Model: "sequential_1"
_________________________________________________________________
Layer (type)                 Output Shape              Param #   
dense_2 (Dense)              (None, 8)                 24        
_________________________________________________________________
dense_3 (Dense)              (None, 4)                 36        
_________________________________________________________________
dense_4 (Dense)              (None, 1)                 5         
Total params: 65
Trainable params: 65
Non-trainable params: 0
_________________________________________________________________


**Exercise**. Why does the above network have 65 trainable parameters? Make sure you can account for all of them (and that you understand why there are not more).

In [35]:
history = model2.fit(features, labels, epochs=50, verbose=0, validation_split=0.25)
history.history['loss'][-1], history.history['binary_accuracy'][-1]

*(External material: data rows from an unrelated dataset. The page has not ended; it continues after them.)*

(* The permutation defect fusion product $\otimes$ on $C^\times_{S_n}$ (given by the product of $C^{\boxtimes n}$ on anyons, anyon–defect fusion on mixed products, and defect fusion on pairs of defects, extended bilinearly) is associative, making $(C^\times_{S_n},\otimes)$ into a ring.
   Context: Let $\mathcal{C}$ be a modular tensor category, $\mathrm{Irr}(\mathcal{C})$ its finite set of isomorphism classes of simple objects (containing $1$), $a\mapsto a^*$ duality, $C$ its fusion ring (free $\mathbb{Z}$-module on $\mathrm{Irr}(\mathcal{C})$, product $a\otimes b=\sum_cN_{ab}^cc$). Fix $n\ge2$. $C^{\boxtimes n}=C^{\otimes_{\mathbb{Z}}n}$ has basis the multilayer anyons $\vec a=a_1\boxtimes\cdots\boxtimes a_n$, layerwise product, unit $\vec1$; $S_n$ acts by permuting layers ($\rho$ moves layer $i$ to $\rho(i)$); permutations compose right to left. For $\sigma\in S_n$ with orbits $\mathcal{O}(\sigma)$ (cycles incl. fixed points), $\vec a$ is $\sigma$-fixed iff constant on orbits. $C_\sigma$: free $\mathbb{Z}$-module on symbols $X^\sigma_{\vec a}$ ($\vec a$ $\sigma$-fixed), identified with $R_\sigma=\bigotimes_{O\in\mathcal{O}(\sigma)}C$ via $X^\sigma_{\vec a}\leftrightarrow\bigotimes_Oa_O$; $X^\sigma_r$ for $r\in R_\sigma$. $C_{\mathrm{id}}=C^{\boxtimes n}$ ($X^{\mathrm{id}}_{\vec a}=\vec a$), $C^\times_{S_n}=\bigoplus_\sigma C_\sigma$. Confinement $c_\sigma:C^{\boxtimes n}\to R_\sigma$, linear, $c_\sigma(\vec a)=\bigotimes_O(\bigotimes_{k\in O}a_k)$. Anyon–defect fusion $\vec a\otimes X^\sigma_{\vec b}=X^\sigma_{\vec b}\otimes\vec a:=X^\sigma_{c_\sigma(\vec a)\cdot\vec b}$. A $\sigma$-deconfinement $d_\sigma(\vec b)$: any $d\in C^{\boxtimes n}$ with nonnegative coefficients and $d\otimes X^\sigma_{\vec1}=X^\sigma_{\vec b}$. For $t=(ij)$, $\Omega_t=\sum_{c}\vec e_c$ ($c$ in layer $i$, $c^*$ in layer $j$, $1$ elsewhere). Following the paper's algorithm, $F(\rho,\sigma)\in C^{\boxtimes n}$: write $\rho=t_1\cdots t_m$ with each disjoint cycle $(i_1\cdots i_l)$ written as $(i_1i_2)(i_2i_3)\cdots(i_{l-1}i_l)$; $\pi_{m+1}=\sigma$, $\pi_k=t_k\pi_{k+1}$; $F=\prod\Omega_{t_k}$ over $k$ with both indices of $t_k$ in a common cycle of $\pi_{k+1}$. Defect fusion: $X^\rho_{\vec a}\otimes X^\sigma_{\vec b}:=(d_\rho(\vec a)\otimes d_\sigma(\vec b)\otimes F(\rho,\sigma))\otimes X^{\rho\sigma}_{\vec1}$. *)

theory Defs
  imports Complex_Main "HOL-Combinatorics.Cycles" "HOL-Combinatorics.Permutations"
begin

text \<open>Simple objects: a finite type 'a; unit object one; duality dual;
  fusion multiplicities N a b c = N_{ab}^c.\<close>

definition mtc_fusion_rules ::
  "('a::finite \<Rightarrow> 'a \<Rightarrow> 'a \<Rightarrow> nat) \<Rightarrow> 'a \<Rightarrow> ('a \<Rightarrow> 'a) \<Rightarrow> bool" where
  "mtc_fusion_rules N one dual \<longleftrightarrow>
     (\<forall>a. dual (dual a) = a) \<and> dual one = one \<and>
     (\<forall>a b. N one a b = (if a = b then 1 else 0)) \<and>
     (\<forall>a b. N a one b = (if a = b then 1 else 0)) \<and>
     (\<forall>a b c. N a b c = N b a c) \<and>
     (\<forall>a b c d. (\<Sum>e\<in>UNIV. N a b e * N e c d) = (\<Sum>e\<in>UNIV. N b c e * N a e d)) \<and>
     (\<forall>a b. N a b one = (if b = dual a then 1 else 0)) \<and>
     (\<forall>a b c. N a b c = N (dual a) c b) \<and>
     (\<forall>a b c. N a b c = N (dual a) (dual b) (dual c)) \<and>
     (\<exists>S :: 'a \<Rightarrow> 'a \<Rightarrow> complex.
        (\<forall>a b. S a b = S b a) \<and>
        (\<forall>a b. (\<Sum>x\<in>UNIV. S a x * cnj (S b x)) = (if a = b then 1 else 0)) \<and>
        (\<forall>a b. S (dual a) b = cnj (S a b)) \<and>
        (\<forall>x. S one x \<noteq> 0) \<and>
        (\<forall>a b c. of_nat (N a b c) = (\<Sum>x\<in>UNIV. S a x * S b x * cnj (S c x) / S one x)))"

section \<open>The fusion ring C (elements: 'a \<Rightarrow> int)\<close>

definition delta :: "'b \<Rightarrow> 'b \<Rightarrow> int" where
  "delta a = (\<lambda>c. if c = a then 1 else 0)"
(* Let $p\in[1,\infty)$, let $(X,\mathcal{B},\mu)$ be a $\sigma$-finite measure space, and let $\rho\colon L_\infty\to L(L^p(X,\mu))$ be a spatial representation. Let $E$ be a Banach space, and suppose there is a nonzero continuous homomorphism $\varphi\colon\overline{\rho(L_\infty)}\to L(E)$. Then $l^p(\mathbb{Z}_{>0})$ is isomorphic as a Banach space (via a bounded linear bijection with bounded inverse) to a closed subspace of $E$.
   Context: $L_\infty$ is the universal complex unital algebra generated by $s_1,s_2,\dots,t_1,t_2,\dots$ with $t_js_j=1$ and $t_js_k=0$ for $j\ne k$. A representation is a unital algebra homomorphism into $L(E)$. A representation $\rho$ on $L^p(X,\mu)$ is spatial if each $\rho(s_j)$, $\rho(t_j)$ is a spatial partial isometry with $\rho(t_j)$ the reverse of $\rho(s_j)$. Spatial partial isometries: Let $(X,\mathcal{B},\mu)$, $(Y,\mathcal{C},\nu)$ be $\sigma$-finite measure spaces, $\mathcal{N}(\mu)$ the $\mu$-null sets, $\mathcal{B}/\mathcal{N}(\mu)$ the Boolean $\sigma$-algebra of measurable sets modulo null sets. A measurable set transformation is a map $S\colon\mathcal{B}/\mathcal{N}(\mu)\to\mathcal{C}/\mathcal{N}(\nu)$ which is a Boolean algebra homomorphism preserving countable unions; it induces a unique linear map $S_*$ on measurable functions mod a.e. equality with $S_*(\chi_E)=\chi_{S(E)}$ preserving a.e. limits of sequences; for bijective $S$, $S_*(\mu)(F)=\mu(E)$ when $S([E])=[F]$. A spatial system is $(E,F,S,g)$ with $E\in\mathcal{B}$, $F\in\mathcal{C}$, $S$ a bijective measurable set transformation from $(E,\mu|_E)$ to $(F,\nu|_F)$, $g$ measurable on $F$ with $|g|=1$ a.e.; the associated spatial partial isometry is $(s\xi)(y)=g(y)[\tfrac{dS_*(\mu|_E)}{d\nu|_F}(y)]^{1/p}S_*(\xi|_E)(y)$ on $F$ and $0$ off $F$; its reverse has spatial system $(F,E,S^{-1},(S^{-1})_*(g)^{-1})$. *)

theory Defs
  imports "HOL-Analysis.Analysis"
begin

(0.12737502952416738, 0.8666667)

**Exercise**. Re-run the above two training processes several times each. You should find that the larger network is less likely to get stuck at a bad local optimum.

The XOR problem is a pretty trivial, of course. But it's allowed us to build some intuition for why a bigger network (or what a statistician would call an *over-parameterised model*) might be easier to train. In this course, we will encounter networks with tens of thousands of trainable parameters.